(By Isaac Zulu in Kapiri Mposhi)
COMMISSION of Inquiry on Voting Patterns and Electoral Violence chairperson Munalula Lisimba says electoral results should be reflective of the free will of the people. Speaking during a sitting to receive submissions from people in Kapiri Mposhi at the council lodge, Lisimba said in a democratic dispensation like Zambia, the electoral process had to be transparent and reflect the will of the people that vote in any given election.
He explained that President Edgar Lungu appointed the Commission of Inquiry on Voting Pattern and Electoral Violence with the mandate to inquire into the voting pattern and electoral violence that characterised the 2016 general elections. Lisimba underscored the need for individuals to make recommendations to the Commission that would help curb political violence in the country.
He said the Commission had been receiving submissions from nine provinces of Zambia and would be winding up its sittings by December and, subsequently, submit a report to the Head of State. And Kapiri Mposhi district commissioner Peter Mwiinde called for stiffer punishment for perpetrators of political violence. In his submissions in his individual capacity, Mwiinde proposed that political violence should be a non-bailable offence in order to deter would be offenders.
“Zambia is known to be a beacon of peace in the SADC region. But at the moment we are almost divided; we have peaceful people and violent people in our society. That is not the way it should be…we need a free and just society,” Mwiinde said. “I am therefore proposing that there should be no bail for perpetrators of political violence so that we maintain law and order during elections.”
Mwiinde further observed that political players had a tendency of not adhering to the Electoral Code during campaigns, saying this was one of the contributing factors to political violence.
Kapiri Mposhi district council chairperson Obby Kabasa noted that hate speech had the potential to fuel political tension.

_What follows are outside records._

(* For every positive integer $i$ there is a polynomial $R_i$ such that for every finite loopless multigraph $G$ and every standard fraternal completion of an orientation of $G$ of depth at least $i$, $$\Delta^-(\vec H_i)\le R_i\big(\widetilde\nabla^{\rm m}_{(i-1)/2}(G)\big).$$
   Context: A fraternal completion of a loopless directed multigraph $\vec G$ of depth $a$ is a triple $\mathfrak f=((E_1,\dots,E_a),w,\kappa)$ such that: $E_1=E(\vec G)$; for $2\le i\le a$, $E_i$ is the arc set of a directed multigraph with vertex set $V(\vec G)$; the sets $E_i$ are pairwise disjoint; $w(e)=i$ iff $e\in E_i$; $\kappa$ maps each $e\in\bigcup_{1<i\le a}E_i$ to a pair $(f,g)$ of arcs in $\bigcup_{i\le a}E_i$ with ${\rm tail}(f)\ne{\rm tail}(g)$, $w(e)=w(f)+w(g)$, ${\rm tail}(e)={\rm tail}(f)$, ${\rm head}(e)={\rm tail}(g)$, ${\rm head}(f)={\rm head}(g)$; and conversely for all $f\in E_i,g\in E_j$ with $i+j\le a$, ${\rm tail}(f)\ne{\rm tail}(g)$, ${\rm head}(f)={\rm head}(g)$ there is a unique $e\in E_{i+j}$ with $\kappa(e)\in\{(f,g),(g,f)\}$. $\vec H_i=(V(\vec G),E_i)$, $H_i$ is its underlying undirected multigraph, and $\Delta^-$ is maximum in-degree. A standard fraternal completion of depth $p$ of an orientation of $G$ is one built as follows: $\vec H_1=\vec G$ is an orientation of $G$ with $\Delta^-(\vec G)=\lceil\widetilde\nabla^{\rm m}_0(G)\rceil$; for $i<p$, the depth-$i$ completion is extended to depth $i+1$ (the underlying multigraph $H_{i+1}$ being determined by the previous levels) by choosing, for each new arc $e$, between $\kappa(e)=(f,g)$ and $\kappa(e)=(g,f)$ so that $\Delta^-(\vec H_{i+1})=\lceil\widetilde\nabla^{\rm m}_0(H_{i+1})\rceil$. For a half-integer $r\ge0$, $\widetilde\nabla^{\rm m}_r(G)$ is the maximum of $\|H\|/|H|$ over loopless multigraphs $H$ such that some $\le 2r$-subdivision of $H$ (each edge replaced by a path with at most $2r$ internal vertices, paths internally disjoint) is a subgraph of $G$; $\|H\|$ counts edges with multiplicity. *)

theory Defs
  imports "HOL-Computational_Algebra.Polynomial"
begin

definition loopless_multigraph :: "'v set \<Rightarrow> 'e set \<Rightarrow> ('e \<Rightarrow> 'v set) \<Rightarrow> bool" where
  "loopless_multigraph V E ends \<longleftrightarrow>
     finite V \<and> finite E \<and> (\<forall>e\<in>E. ends e \<subseteq> V \<and> card (ends e) = 2)"

definition is_orientation :: "'e set \<Rightarrow> ('e \<Rightarrow> 'v set) \<Rightarrow> ('e \<Rightarrow> 'v) \<Rightarrow> ('e \<Rightarrow> 'v) \<Rightarrow> bool" where
  "is_orientation E ends t h \<longleftrightarrow> (\<forall>e\<in>E. ends e = {t e, h e})"
(* Consider $\mathrm U$ devices running slotted ALOHA whose batteries are always full (battery capacity $\mathrm E$), so that in each slot a device has a new update with probability $\alpha$ and then transmits it with $b_t\in[\mathrm E]$ energy units with probability $\pi_{\mathrm E,b_t}$, and such a transmission is decoded with probability $\omega_{b_t,\boldsymbol\ell_0}$, independently across slots. Let $\xi=\alpha\sum_{b_t=1}^{\mathrm E}\pi_{\mathrm E,b_t}\omega_{b_t,\boldsymbol\ell_0}\in(0,1]$ be the probability that a device successfully delivers a new update in a slot, and $\mathrm T=\mathrm U\xi$ the throughput. Then the discretized-AoI PMF, peak-AoI PMF, average AoI and age-violation probability of each device are $$\mathbb P[\widehat\Delta=\delta]=\mathbb P[\widetilde\Delta=\delta]=\xi(1-\xi)^{\delta-2},\quad\delta=2,3,\dots,$$ $$\bar\Delta=\frac12+\frac1\xi=\frac12+\frac{\mathrm U}{\mathrm T},\qquad \zeta(\theta)=(1-\xi)^{\theta-1}=\Big(1-\frac{\mathrm T}{\mathrm U}\Big)^{\theta-1},\quad\theta\ge1.$$
   Context: Time is slotted (slot length $1$). $\boldsymbol\ell_0$ denotes the battery profile in which all other $\mathrm U-1$ devices have full battery, and $\omega_{b_t,\boldsymbol\ell_0}\in[0,1]$ is the given probability that an update transmitted with $b_t$ energy units is correctly decoded in this situation. The AoI of a device is reset to $1$ at the end of a slot in which it successfully delivers an update and grows linearly with slope $1$ otherwise. With successful-delivery slots $s_0<s_1<\dots$, the discretized AoI at the end of slot $s\in\{s_{i-1}+1,\dots,s_i\}$ is $s-s_{i-1}+1$ and the peak AoI of the $i$th period is $s_i-s_{i-1}+1$; $\mathbb P[\widehat\Delta=\delta]$ and $\mathbb P[\widetilde\Delta=\delta]$ are the stationary (long-run fraction) PMFs of these quantities over slots, resp. over periods; $\bar\Delta$ is the long-run time average of the AoI and $\zeta(\theta)$ the long-run fraction of time during which the AoI exceeds $\theta$. *)

theory Defs
  imports "HOL-Probability.Probability"
begin

text \<open>Energy level chosen for a transmission when the battery is full (capacity E):
  level b in {1..E} with probability p b; level 0 encodes "no transmission"
  (the remaining probability mass, if the p b sum to less than one).\<close>
definition tx_pmf :: "nat \<Rightarrow> (nat \<Rightarrow> real) \<Rightarrow> nat pmf" where
  "tx_pmf E p = embed_pmf (\<lambda>b. if b = 0 then 1 - (\<Sum>c=1..E. p c)
                                  else if b \<le> E then p b else 0)"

In his submissions in his personal capacity, Kabasa urged politicians to stop engaging in hate speech against their competitors during election campaigns.
He submitted that political players should not consider each other as enemies, but as political competitors.
The civic leader also urged his fellow politicians not to engage in tribal politics.
Kabasa observed that tribal politics had the potential to divide the nation.
“Politicians should refrain from hate speech and tribal politics. There’s need to bring sanity in Zambian politics,” said Kabasa.
He further implored politicians not to use young people as tools of political violence.
“Politicians are to blame for political violence during elections because they are the ones that incite youths to fight political opponents. These youths are sponsored by politicians. Therefore, politicians should stop using youths as tools of political violence,” said Kabasa.
Meanwhile, a trader accused the private media of being biased in their reporting during election campaigns.
In his submissions, Joseph Chisala singled out The Mast newspaper as one the media houses that had exhibited biasness when reporting on political campaign activities.
Chisala, however, failed to point out a news article from The Mast newspaper that was written in a biased manner during the run up to the 2016 general elections when asked to do so by commissioner Lisimba.
Chisala claimed that the public media had been ethical in their reporting during election campaigns.
He further called on media houses to be objective when reporting on political campaign activities.